Mulrooney levantó las cejas cuando escuchó el nombre. Una vez había visto una entrevista con el prominente ginecólogo de Long Beach en las noticias locales. Connolly, vestido al estilo Gatsby, había rezumado riqueza y confianza, aunque había parecido distraído durante la entrevista. Y los ojos de Connolly habían mostrado signos de estrés, acentuados por ojeras oscuras justo debajo de sus ojos . —¡Vaya!— silbó Mulrooney, —¡es el guardián del mejor centro de consulta  de la Costa!

—Era— corrigió Clarke.

Mientras subían la escalera curva, las hipnóticas notas de I Love You, Porgy , de Gershwin, despistaron a Mulrooney. Kate leyó su mirada exasperada. —La música estaba puesta cuando llegamos, Tim. La pondré en el 86 cuando termine con las huellas .

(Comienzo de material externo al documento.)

(* In every tranca mínima (as defined in the context), the losing team places at least one tile during the game.
   Context: Domino tiles: the set of tiles consists of the 28 unordered pairs $[a,b]=[b,a]$ with $a,b\in\{0,1,\dots,6\}$; the number of points (pips) of $[a,b]$ is $a+b$. Four players, numbered 1 to 4, play; players 1 and 3 form one team and players 2 and 4 the other. The 28 tiles are dealt, 7 to each player (the initial hands). Players take turns in cyclic order $1,2,3,4,1,\dots$. The starting player places any one of their tiles on the table, forming a line of tiles (the board) with two open ends. On each subsequent turn, the player whose turn it is must, if they hold a tile containing a number equal to the number shown at one of the two open ends, place such a tile at that end (with equal numbers adjacent), the other number of the tile becoming the new open end; if they hold no such tile, they pass. A game ends either when a player places their last tile, or in a tranca (blocked game): a position in which no player holds a tile that can be placed. In a game ending in a tranca, the team whose two players' remaining tiles have the smaller total number of pips wins, and the other team is the losing team. A tranca mínima is a game ending in a tranca in which the total number of pips on the tiles of the board at the end of the game is $42$. *)

theory Defs
  imports Main
begin

text \<open>A tile [a,b] is represented canonically as the pair (a,b) with a \<le> b \<le> 6.
  Players are numbered 1..4; teams are {1,3} and {2,4}.\<close>

type_synonym tile = "nat \<times> nat"

definition all_tiles :: "tile set" where
  "all_tiles = {(a,b). a \<le> b \<and> b \<le> 6}"

definition pips :: "tile \<Rightarrow> nat" where
  "pips t = fst t + snd t"

definition players :: "nat set" where
  "players = {1,2,3,4}"

definition next_player :: "nat \<Rightarrow> nat" where
  "next_player p = p mod 4 + 1"

definition has_num :: "tile \<Rightarrow> nat \<Rightarrow> bool" where
  "has_num t n \<longleftrightarrow> fst t = n \<or> snd t = n"

definition other_num :: "tile \<Rightarrow> nat \<Rightarrow> nat" where
  "other_num t n = (if fst t = n then snd t else fst t)"

text \<open>Game state: the hands, the two open ends of the board (None before the first
  tile), the list of placements (player, tile) in order, and whose turn it is.\<close>
record dstate =
  hands :: "nat \<Rightarrow> tile set"
  ends :: "(nat \<times> nat) option"
  placed :: "(nat \<times> tile) list"
  turn :: nat

definition initial_state :: "dstate \<Rightarrow> bool" where
  "initial_state s \<longleftrightarrow>
     (\<forall>p\<in>players. hands s p \<subseteq> all_tiles \<and> card (hands s p) = 7) \<and>
     (\<forall>p\<in>players. \<forall>q\<in>players. p \<noteq> q \<longrightarrow> hands s p \<inter> hands s q = {}) \<and>
     (\<Union>p\<in>players. hands s p) = all_tiles \<and>
     ends s = None \<and> placed s = [] \<and> turn s = 1"

definition can_play :: "dstate \<Rightarrow> nat \<Rightarrow> bool" where
  "can_play s p \<longleftrightarrow> (case ends s of
      None \<Rightarrow> hands s p \<noteq> {}
    | Some (l, r) \<Rightarrow> (\<exists>t\<in>hands s p. has_num t l \<or> has_num t r))"

definition place :: "dstate \<Rightarrow> nat \<Rightarrow> tile \<Rightarrow> (nat \<times> nat) \<Rightarrow> dstate \<Rightarrow> bool" where
  "place s p t e s' \<longleftrightarrow>
     hands s' = (hands s)(p := hands s p - {t}) \<and> ends s' = Some e \<and>
     placed s' = placed s @ [(p, t)] \<and> turn s' = next_player p"

definition step :: "dstate \<Rightarrow> dstate \<Rightarrow> bool" where
  "step s s' \<longleftrightarrow> (let p = turn s in
     (ends s = None \<and> (\<exists>t\<in>hands s p. place s p t (fst t, snd t) s')) \<or>
     (\<exists>l r. ends s = Some (l, r) \<and>
        ((\<exists>t\<in>hands s p. has_num t l \<and> place s p t (other_num t l, r) s') \<or>
         (\<exists>t\<in>hands s p. has_num t r \<and> place s p t (l, other_num t r) s') \<or>
         (\<not> can_play s p \<and> hands s' = hands s \<and> ends s' = ends s \<and>
          placed s' = placed s \<and> turn s' = next_player p))))"

definition someone_out :: "dstate \<Rightarrow> bool" where
  "someone_out s \<longleftrightarrow> (\<exists>p\<in>players. hands s p = {})"

definition blocked :: "dstate \<Rightarrow> bool" where
  "blocked s \<longleftrightarrow> ends s \<noteq> None \<and> (\<forall>p\<in>players. \<not> can_play s p)"

definition tranca_game :: "dstate list \<Rightarrow> bool" where
  "tranca_game ss \<longleftrightarrow> ss \<noteq> [] \<and> initial_state (ss ! 0) \<and>
     (\<forall>i. Suc i < length ss \<longrightarrow> step (ss ! i) (ss ! Suc i)) \<and>
     (\<forall>i. Suc i < length ss \<longrightarrow> \<not> someone_out (ss ! i) \<and> \<not> blocked (ss ! i)) \<and>
     blocked (last ss) \<and> \<not> someone_out (last ss)"

definition board_pips :: "dstate \<Rightarrow> nat" where
  "board_pips s = (\<Sum>x\<leftarrow>placed s. pips (snd x))"

definition tranca_minima :: "dstate list \<Rightarrow> bool" where
  "tranca_minima ss \<longleftrightarrow> tranca_game ss \<and> board_pips (last ss) = 42"

definition teams :: "nat set set" where
  "teams = {{1,3},{2,4}}"

definition team_pips :: "dstate \<Rightarrow> nat set \<Rightarrow> nat" where
  "team_pips s T = (\<Sum>p\<in>T. \<Sum>t\<in>hands s p. pips t)"

definition losing_team :: "dstate list \<Rightarrow> nat set \<Rightarrow> bool" where
  "losing_team ss T \<longleftrightarrow> T \<in> teams \<and>
     team_pips (last ss) (players - T) < team_pips (last ss) T"

end

theory Submission
  imports Defs
begin

(* Every team places a tile in every blocked game. Player 1 must open, so only the team {2,4} could stay silent. Its
   hands would then never change, and after every turn the open ends avoid all numbers of
   whichever of players 2 and 4 has just passed or is about to pass. In the blocked final
   position, for an open end l and any number n the tile [l,n] cannot be in a hand, so it was
   placed and n was an open end at some time. Hence the numbers in the hands of players 2 and 4
   are disjoint subsets of {0..6}; but m numbers carry only m(m+1)/2 tiles, so a hand of seven
   tiles uses at least four numbers. *)

definition tile_nums :: "tile \<Rightarrow> nat set" where
  "tile_nums t = {fst t, snd t}"

definition hand_nums :: "dstate \<Rightarrow> nat \<Rightarrow> nat set" where
  "hand_nums s p = (\<Union>t\<in>hands s p. tile_nums t)"

definition open_nums :: "dstate \<Rightarrow> nat set" where
  "open_nums s = (case ends s of None \<Rightarrow> {} | Some (l, r) \<Rightarrow> {l, r})"

lemma card_ordered_pairs:
  fixes A :: "'a::linorder set"
  assumes "finite A"
  shows "2 * card {(a, b). a \<in> A \<and> b \<in> A \<and> a \<le> b} = card A * (card A + 1)"
proof -
  define P where "P = {(a, b). a \<in> A \<and> b \<in> A \<and> a \<le> b}"
  define Q where "Q = {(a, b). a \<in> A \<and> b \<in> A \<and> b \<le> a}"
  have "P \<subseteq> A \<times> A" "Q \<subseteq> A \<times> A" by (auto simp: P_def Q_def)
  then have fin: "finite P" "finite Q" using assms by (auto intro: finite_subset)
  have "Q = prod.swap ` P" by (auto simp: P_def Q_def image_iff)
  then have "card Q = card P" by (simp add: card_image)
  moreover have "P \<union> Q = A \<times> A" by (auto simp: P_def Q_def)
  moreover have "P \<inter> Q = (\<lambda>a. (a, a)) ` A" by (auto simp: P_def Q_def)
  then have "card (P \<inter> Q) = card A" by (simp add: card_image inj_on_def)
  ultimately have "card P + card P = card A * card A + card A"
    using card_Un_Int[OF fin] by (simp add: card_cartesian_product)
  then show ?thesis by (simp add: P_def algebra_simps)
qed
lemma norm_add_sq_le_weighted:
  fixes p e :: "'a::real_normed_vector"
  assumes "\<epsilon> > 0"
  shows "(norm (p + e))\<^sup>2 \<le> (1 + \<epsilon>) * (norm p)\<^sup>2 + (1 + 1 / \<epsilon>) * (norm e)\<^sup>2"
proof -
  have "(norm (p + e))\<^sup>2 \<le> (norm p + norm e)\<^sup>2"
    by (simp add: norm_triangle_ineq power_mono)
  also have "\<dots> = (1 + \<epsilon>) * (norm p)\<^sup>2 + (1 + 1 / \<epsilon>) * (norm e)\<^sup>2 - (\<epsilon> * norm p - norm e)\<^sup>2 / \<epsilon>"
    using assms by (simp add: field_simps power2_eq_square)
  also have "\<dots> \<le> (1 + \<epsilon>) * (norm p)\<^sup>2 + (1 + 1 / \<epsilon>) * (norm e)\<^sup>2"
    using assms by simp
  finally show ?thesis .
qed

lemma norm_add3_sq_le:
  fixes p q r :: "'a::real_normed_vector"
  shows "(norm (p + q + r))\<^sup>2 \<le> 3 * ((norm p)\<^sup>2 + (norm q)\<^sup>2 + (norm r)\<^sup>2)"
proof -
  have "norm (p + q + r) \<le> norm p + norm q + norm r"
    by (metis add_right_mono norm_triangle_ineq order_trans)
  then have "(norm (p + q + r))\<^sup>2 \<le> (norm p + norm q + norm r)\<^sup>2"
    by (simp add: power_mono)
  also have "\<dots> \<le> 3 * ((norm p)\<^sup>2 + (norm q)\<^sup>2 + (norm r)\<^sup>2)"
    by (smt (verit) power2_diff power2_sum zero_le_power2)
  finally show ?thesis .
qed
text \<open>Cycle (1,n,n-1,...,2) in 0-based form: 0 -> n-1, k -> k-1 for 1<=k<n.\<close>
definition cyc1 :: "nat \<Rightarrow> nat \<Rightarrow> nat" where
  "cyc1 n i = (if i = 0 then n - 1 else i - 1)"

text \<open>Cycle (2,n,n-1,...,3) in 0-based form: 0 fixed, 1 -> n-1, k -> k-1 for 2<=k<n.\<close>
definition cyc2 :: "nat \<Rightarrow> nat \<Rightarrow> nat" where
  "cyc2 n i = (if i = 0 then 0 else if i = 1 then n - 1 else i - 1)"

definition z1 :: "nat \<Rightarrow> 'a::field mat" where
  "z1 n = (if even n then update_mat (perm_mat n (cyc1 n)) (0, n - 1) (-1) else perm_mat n (cyc1 n))"

definition z2 :: "nat \<Rightarrow> 'a::field mat" where
  "z2 n = (if odd n then update_mat (perm_mat n (cyc2 n)) (1, n - 1) (-1) else perm_mat n (cyc2 n))"

definition blockdiag_id :: "nat \<Rightarrow> nat \<Rightarrow> 'a::field mat \<Rightarrow> 'a mat" where
  "blockdiag_id d n z = four_block_mat z (0\<^sub>m n (d - n)) (0\<^sub>m (d - n) n) (1\<^sub>m (d - n))"

definition t_elem :: "nat \<Rightarrow> nat \<Rightarrow> 'a::{field,finite} mat" where
  "t_elem d n = (if n = 2 then Eij d 0 1 1
     else if CHAR('a) = 2 then blockdiag_id d n (z1 n)
     else blockdiag_id d n (z2 n))"

end

theory Submission
  imports Defs "Jordan_Normal_Form.DL_Rank"
begin
datatype 'a hml = TT | FF | HOr "'a hml" "'a hml" | HAnd "'a hml" "'a hml"
  | Dia "'a set" "'a hml" | Bx "'a set" "'a hml"
  | Min nat "'a hml" | Max nat "'a hml" | Var nat

fun hsem :: "'a hml \<Rightarrow> (nat \<Rightarrow> 'a stream set) \<Rightarrow> 'a stream set" where
  "hsem TT \<sigma> = UNIV"
| "hsem FF \<sigma> = {}"
| "hsem (HOr f g) \<sigma> = hsem f \<sigma> \<union> hsem g \<sigma>"
| "hsem (HAnd f g) \<sigma> = hsem f \<sigma> \<inter> hsem g \<sigma>"
| "hsem (Dia A f) \<sigma> = {c ## t | c t. c \<in> A \<and> t \<in> hsem f \<sigma>}"
| "hsem (Bx A f) \<sigma> = {t. \<forall>c\<in>A. \<forall>t'. t = c ## t' \<longrightarrow> t' \<in> hsem f \<sigma>}"
| "hsem (Min X f) \<sigma> = lfp (\<lambda>S. hsem f (\<sigma>(X := S)))"
| "hsem (Max X f) \<sigma> = gfp (\<lambda>S. hsem f (\<sigma>(X := S)))"
| "hsem (Var X) \<sigma> = \<sigma> X"

text \<open>Semantics of a (closed) formula; the environment is irrelevant for closed formulas.\<close>
definition hsemL :: "'a hml \<Rightarrow> 'a stream set" where
  "hsemL f = hsem f (\<lambda>_. {})"

text \<open>The natural number n is the next fresh fixpoint variable (depth-indexed).\<close>
fun tr :: "'a \<Rightarrow> 'a \<Rightarrow> nat \<Rightarrow> mform \<Rightarrow> 'a hml" where
  "tr a b n P = Dia {b} TT"
| "tr a b n NP = Bx {b} FF"
| "tr a b n (MOr f g) = HOr (tr a b n f) (tr a b n g)"
| "tr a b n (MAnd f g) = HAnd (tr a b n f) (tr a b n g)"
| "tr a b n (Box1 f) = Max n (HAnd (Bx {b} (Var n)) (Bx {a} (tr a b (Suc n) f)))"
| "tr a b n (Box2 f) = Max n (HAnd (HAnd (Bx {b} (Var n)) (Bx {a} (Var n))) (Bx {a} (tr a b (Suc n) f)))"

definition trans :: "'a \<Rightarrow> 'a \<Rightarrow> mform \<Rightarrow> 'a hml" where
  "trans a b f = HAnd (Max 0 (HOr (Dia {a} (Var 0)) (Dia {b} (Dia {a} (Var 0))))) (tr a b 1 f)"

end

theory Submission
  imports Defs
begin

text \<open>Diamond-free formulas are preserved when a model is pulled back along a map that
  respects both accessibility relations. Following a serial R1-path from the satisfying state
  therefore yields a model on the linear frame (\<nat>, Suc, <), so every satisfiable formula is
  satisfiable there. A valuation v on that frame is encoded as the word whose i-th block is
  "b a" if v i holds and "a" otherwise: the letter b marks p, [1] skips the current block and
  [2] skips any positive number of blocks. The first conjunct of trans forces a word to be a
  sequence of such blocks, so conversely every word satisfying the translation encodes a linear
  model of the formula.\<close>

lemma hsem_mono: "(\<And>x. \<sigma> x \<subseteq> \<sigma>' x) \<Longrightarrow> hsem f \<sigma> \<subseteq> hsem f \<sigma>'"
proof (induction f arbitrary: \<sigma> \<sigma>')
  case (Min X f)
  then show ?case by (simp add: lfp_mono)
next
  case (Max X f)
  then show ?case by (simp add: gfp_mono)
qed (auto, blast+)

Cuando llegaron a la parte superior de la escalera, Mulrooney anotó mentalmente que los altavoces del piso de arriba no funcionaban; luego se volvió hacia Kate mientras ella continuaba con su informe. —No hay arma— informó, —ni señales del asaltante. Hicimos la búsqueda visual, pero Sanders se mareó y tuve que enviarlo fuera.

—Eso explica el vómito en la buganvilla— murmuró Clarke.

—Sí— hizo una mueca, —estaba muy avergonzado. Me retiré  última  y aseguré la zona. Dos mujeres están abajo en el estudio, así que querrás interrogarlas. Estaban juntas en la casa cuando llegamos, pero tomamos sus explicaciones por separado, por supuesto.